What to work on: From the entries below, copy every line that holds the word "between".

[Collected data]
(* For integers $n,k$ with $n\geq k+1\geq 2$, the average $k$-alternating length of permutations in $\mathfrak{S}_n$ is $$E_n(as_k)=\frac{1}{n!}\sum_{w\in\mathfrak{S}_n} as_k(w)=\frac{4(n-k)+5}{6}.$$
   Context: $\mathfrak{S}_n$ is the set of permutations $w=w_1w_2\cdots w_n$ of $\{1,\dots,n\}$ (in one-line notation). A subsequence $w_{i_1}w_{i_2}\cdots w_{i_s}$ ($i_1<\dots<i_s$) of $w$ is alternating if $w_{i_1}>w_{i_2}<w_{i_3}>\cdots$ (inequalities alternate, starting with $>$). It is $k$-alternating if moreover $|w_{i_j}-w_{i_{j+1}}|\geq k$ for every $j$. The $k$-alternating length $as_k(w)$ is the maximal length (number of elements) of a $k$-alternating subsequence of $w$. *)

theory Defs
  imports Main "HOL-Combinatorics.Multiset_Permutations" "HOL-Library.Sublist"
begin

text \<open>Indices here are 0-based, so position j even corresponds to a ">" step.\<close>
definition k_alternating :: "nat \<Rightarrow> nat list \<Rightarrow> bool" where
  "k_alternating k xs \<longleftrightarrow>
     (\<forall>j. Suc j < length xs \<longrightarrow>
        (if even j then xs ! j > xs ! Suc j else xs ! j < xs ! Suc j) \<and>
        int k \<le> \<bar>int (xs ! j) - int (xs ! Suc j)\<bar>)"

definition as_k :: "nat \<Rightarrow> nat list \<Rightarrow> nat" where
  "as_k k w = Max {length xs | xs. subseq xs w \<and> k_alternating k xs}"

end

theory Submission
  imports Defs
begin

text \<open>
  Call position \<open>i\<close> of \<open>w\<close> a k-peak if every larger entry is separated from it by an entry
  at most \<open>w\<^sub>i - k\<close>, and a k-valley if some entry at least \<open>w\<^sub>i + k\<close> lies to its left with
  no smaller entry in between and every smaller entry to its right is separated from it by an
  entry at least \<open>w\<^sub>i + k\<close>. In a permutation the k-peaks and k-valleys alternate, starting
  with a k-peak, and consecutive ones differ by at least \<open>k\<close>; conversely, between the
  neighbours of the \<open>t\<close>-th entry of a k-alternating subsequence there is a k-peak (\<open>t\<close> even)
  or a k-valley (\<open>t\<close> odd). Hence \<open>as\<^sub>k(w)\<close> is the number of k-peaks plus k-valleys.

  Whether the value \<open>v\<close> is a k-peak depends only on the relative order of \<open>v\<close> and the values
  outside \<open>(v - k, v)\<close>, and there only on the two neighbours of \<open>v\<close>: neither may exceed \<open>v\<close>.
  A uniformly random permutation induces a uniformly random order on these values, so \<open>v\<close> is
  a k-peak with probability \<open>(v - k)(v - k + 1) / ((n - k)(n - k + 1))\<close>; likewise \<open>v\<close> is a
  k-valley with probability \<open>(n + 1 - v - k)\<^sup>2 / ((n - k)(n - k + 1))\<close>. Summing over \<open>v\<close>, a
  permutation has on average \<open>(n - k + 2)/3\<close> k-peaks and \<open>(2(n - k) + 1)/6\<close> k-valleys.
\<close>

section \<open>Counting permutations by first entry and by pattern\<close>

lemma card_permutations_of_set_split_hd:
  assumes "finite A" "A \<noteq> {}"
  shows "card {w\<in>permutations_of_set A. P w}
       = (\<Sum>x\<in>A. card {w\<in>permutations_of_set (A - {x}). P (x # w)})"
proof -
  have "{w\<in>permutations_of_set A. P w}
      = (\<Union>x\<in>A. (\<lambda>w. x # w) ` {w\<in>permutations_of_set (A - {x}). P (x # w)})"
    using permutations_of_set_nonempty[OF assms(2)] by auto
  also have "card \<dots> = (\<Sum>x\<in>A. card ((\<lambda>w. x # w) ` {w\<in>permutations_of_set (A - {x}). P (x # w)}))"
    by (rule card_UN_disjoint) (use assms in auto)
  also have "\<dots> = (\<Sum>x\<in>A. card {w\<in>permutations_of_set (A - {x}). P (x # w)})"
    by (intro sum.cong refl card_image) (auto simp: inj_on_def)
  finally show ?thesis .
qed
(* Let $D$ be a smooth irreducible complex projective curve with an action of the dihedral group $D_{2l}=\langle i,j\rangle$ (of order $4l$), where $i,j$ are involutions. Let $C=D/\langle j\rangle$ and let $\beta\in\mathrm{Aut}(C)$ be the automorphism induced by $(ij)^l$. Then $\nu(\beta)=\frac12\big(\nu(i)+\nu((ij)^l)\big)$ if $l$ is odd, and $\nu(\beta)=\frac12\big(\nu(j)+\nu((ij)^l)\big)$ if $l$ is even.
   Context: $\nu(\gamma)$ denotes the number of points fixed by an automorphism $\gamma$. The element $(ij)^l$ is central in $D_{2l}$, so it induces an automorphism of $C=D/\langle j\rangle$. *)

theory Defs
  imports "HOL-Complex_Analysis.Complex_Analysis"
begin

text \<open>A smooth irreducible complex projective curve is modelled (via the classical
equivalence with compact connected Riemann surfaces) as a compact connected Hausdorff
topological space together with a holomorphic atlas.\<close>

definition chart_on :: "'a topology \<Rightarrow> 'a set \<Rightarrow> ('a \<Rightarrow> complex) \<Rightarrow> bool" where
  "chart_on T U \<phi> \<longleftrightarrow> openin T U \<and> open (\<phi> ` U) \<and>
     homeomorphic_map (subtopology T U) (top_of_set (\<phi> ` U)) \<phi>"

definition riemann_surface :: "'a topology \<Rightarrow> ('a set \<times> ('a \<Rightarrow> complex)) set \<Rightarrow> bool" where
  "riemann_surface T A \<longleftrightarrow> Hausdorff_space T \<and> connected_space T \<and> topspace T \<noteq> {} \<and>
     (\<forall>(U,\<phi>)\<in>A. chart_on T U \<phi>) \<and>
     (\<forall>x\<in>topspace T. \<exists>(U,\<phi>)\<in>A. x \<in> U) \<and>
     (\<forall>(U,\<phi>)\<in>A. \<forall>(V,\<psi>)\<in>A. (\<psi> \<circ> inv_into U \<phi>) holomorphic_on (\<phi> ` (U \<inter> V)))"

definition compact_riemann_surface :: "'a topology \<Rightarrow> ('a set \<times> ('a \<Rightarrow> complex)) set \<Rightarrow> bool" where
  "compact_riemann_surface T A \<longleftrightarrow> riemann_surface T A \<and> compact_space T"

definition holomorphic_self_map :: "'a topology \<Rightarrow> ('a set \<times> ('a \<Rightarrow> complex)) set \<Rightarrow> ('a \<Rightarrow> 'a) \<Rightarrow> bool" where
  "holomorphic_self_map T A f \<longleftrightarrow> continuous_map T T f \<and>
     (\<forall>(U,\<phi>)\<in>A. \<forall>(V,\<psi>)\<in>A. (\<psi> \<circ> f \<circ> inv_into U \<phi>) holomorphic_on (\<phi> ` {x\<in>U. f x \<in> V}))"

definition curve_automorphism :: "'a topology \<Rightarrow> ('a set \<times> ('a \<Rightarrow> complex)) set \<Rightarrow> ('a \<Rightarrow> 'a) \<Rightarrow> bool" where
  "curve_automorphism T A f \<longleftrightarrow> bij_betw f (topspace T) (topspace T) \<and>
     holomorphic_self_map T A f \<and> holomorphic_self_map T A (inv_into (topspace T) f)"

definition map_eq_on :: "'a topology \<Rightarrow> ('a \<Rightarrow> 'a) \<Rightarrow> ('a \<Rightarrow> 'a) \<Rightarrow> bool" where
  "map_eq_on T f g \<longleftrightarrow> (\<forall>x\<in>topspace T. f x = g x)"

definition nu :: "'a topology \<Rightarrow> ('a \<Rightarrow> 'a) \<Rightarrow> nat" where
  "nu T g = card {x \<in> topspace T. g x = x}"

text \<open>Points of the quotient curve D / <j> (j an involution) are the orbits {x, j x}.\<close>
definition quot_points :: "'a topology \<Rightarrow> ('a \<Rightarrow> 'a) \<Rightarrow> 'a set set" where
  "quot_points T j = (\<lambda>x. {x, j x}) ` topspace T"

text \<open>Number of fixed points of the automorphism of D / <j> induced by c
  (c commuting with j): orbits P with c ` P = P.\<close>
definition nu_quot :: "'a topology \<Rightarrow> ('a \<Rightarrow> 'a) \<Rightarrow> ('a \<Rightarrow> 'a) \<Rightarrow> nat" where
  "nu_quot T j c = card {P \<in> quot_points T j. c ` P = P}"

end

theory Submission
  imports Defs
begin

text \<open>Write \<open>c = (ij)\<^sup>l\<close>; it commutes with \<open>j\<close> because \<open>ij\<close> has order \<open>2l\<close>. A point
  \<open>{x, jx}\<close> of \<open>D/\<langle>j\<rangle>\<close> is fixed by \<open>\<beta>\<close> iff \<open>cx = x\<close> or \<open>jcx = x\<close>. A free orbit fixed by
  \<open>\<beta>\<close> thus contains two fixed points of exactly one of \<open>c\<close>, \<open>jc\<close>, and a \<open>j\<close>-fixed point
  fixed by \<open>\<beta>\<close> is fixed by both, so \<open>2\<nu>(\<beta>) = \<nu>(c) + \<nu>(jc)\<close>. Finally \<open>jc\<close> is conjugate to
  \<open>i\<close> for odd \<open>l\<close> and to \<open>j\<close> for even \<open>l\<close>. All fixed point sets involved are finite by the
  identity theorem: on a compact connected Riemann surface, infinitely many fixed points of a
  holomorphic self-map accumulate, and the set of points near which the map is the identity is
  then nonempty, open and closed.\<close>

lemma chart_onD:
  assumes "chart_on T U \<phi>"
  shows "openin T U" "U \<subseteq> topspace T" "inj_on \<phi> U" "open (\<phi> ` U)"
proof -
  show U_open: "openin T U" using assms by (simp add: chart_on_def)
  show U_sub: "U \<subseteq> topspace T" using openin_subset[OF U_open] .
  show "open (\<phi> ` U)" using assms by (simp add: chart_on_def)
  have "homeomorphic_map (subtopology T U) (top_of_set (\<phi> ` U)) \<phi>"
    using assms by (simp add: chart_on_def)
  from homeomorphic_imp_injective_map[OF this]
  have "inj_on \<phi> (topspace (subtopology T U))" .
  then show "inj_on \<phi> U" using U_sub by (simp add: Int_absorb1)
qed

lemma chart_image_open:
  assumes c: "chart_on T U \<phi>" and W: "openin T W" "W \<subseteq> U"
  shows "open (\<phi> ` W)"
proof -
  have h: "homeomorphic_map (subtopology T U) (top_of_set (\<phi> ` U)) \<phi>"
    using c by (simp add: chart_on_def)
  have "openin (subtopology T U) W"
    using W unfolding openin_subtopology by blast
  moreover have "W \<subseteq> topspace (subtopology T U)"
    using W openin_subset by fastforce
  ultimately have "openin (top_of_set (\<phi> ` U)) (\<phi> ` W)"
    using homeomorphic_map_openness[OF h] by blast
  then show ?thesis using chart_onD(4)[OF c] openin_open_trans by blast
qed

* * *

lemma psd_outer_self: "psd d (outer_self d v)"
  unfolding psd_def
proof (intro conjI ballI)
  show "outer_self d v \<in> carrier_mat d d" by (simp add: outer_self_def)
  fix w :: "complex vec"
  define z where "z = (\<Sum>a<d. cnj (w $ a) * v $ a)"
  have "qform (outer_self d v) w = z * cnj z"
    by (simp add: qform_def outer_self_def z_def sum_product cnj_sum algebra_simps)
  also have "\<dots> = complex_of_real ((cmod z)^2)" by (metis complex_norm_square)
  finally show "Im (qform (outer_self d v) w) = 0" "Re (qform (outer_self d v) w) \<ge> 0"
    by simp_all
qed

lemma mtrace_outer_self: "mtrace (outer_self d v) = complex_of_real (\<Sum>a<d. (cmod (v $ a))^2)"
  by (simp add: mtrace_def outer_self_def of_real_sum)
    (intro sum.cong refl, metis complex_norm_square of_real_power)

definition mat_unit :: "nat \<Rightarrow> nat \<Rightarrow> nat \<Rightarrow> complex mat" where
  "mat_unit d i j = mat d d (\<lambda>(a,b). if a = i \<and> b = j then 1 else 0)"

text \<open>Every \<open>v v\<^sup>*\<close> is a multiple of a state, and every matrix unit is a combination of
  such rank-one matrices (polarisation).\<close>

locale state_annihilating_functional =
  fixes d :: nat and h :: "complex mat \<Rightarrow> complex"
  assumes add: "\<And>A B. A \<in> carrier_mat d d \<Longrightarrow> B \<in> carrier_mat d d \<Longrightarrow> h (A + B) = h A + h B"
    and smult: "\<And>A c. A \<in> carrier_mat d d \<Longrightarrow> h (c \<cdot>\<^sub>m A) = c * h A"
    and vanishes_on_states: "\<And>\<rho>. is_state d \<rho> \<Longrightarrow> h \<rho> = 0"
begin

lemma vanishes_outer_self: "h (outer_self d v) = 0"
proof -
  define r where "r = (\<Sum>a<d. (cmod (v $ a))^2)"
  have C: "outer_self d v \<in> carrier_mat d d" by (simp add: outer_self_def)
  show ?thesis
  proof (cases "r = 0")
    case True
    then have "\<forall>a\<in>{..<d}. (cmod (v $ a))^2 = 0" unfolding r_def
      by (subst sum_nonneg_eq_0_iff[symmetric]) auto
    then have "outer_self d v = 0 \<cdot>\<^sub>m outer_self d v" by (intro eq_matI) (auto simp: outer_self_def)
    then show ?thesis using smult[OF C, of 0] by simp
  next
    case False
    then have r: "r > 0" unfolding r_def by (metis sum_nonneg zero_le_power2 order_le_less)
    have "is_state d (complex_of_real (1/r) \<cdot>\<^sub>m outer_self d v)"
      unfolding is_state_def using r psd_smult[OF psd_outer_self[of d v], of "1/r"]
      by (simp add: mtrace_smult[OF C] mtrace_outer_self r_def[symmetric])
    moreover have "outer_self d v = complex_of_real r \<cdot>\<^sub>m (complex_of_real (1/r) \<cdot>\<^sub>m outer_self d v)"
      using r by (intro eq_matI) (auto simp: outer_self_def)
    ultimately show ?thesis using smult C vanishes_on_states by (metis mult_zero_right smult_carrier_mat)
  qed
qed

Exercise response:
  no smaller entry in between and every smaller entry to its right is separated from it by an
  with a k-peak, and consecutive ones differ by at least \<open>k\<close>; conversely, between the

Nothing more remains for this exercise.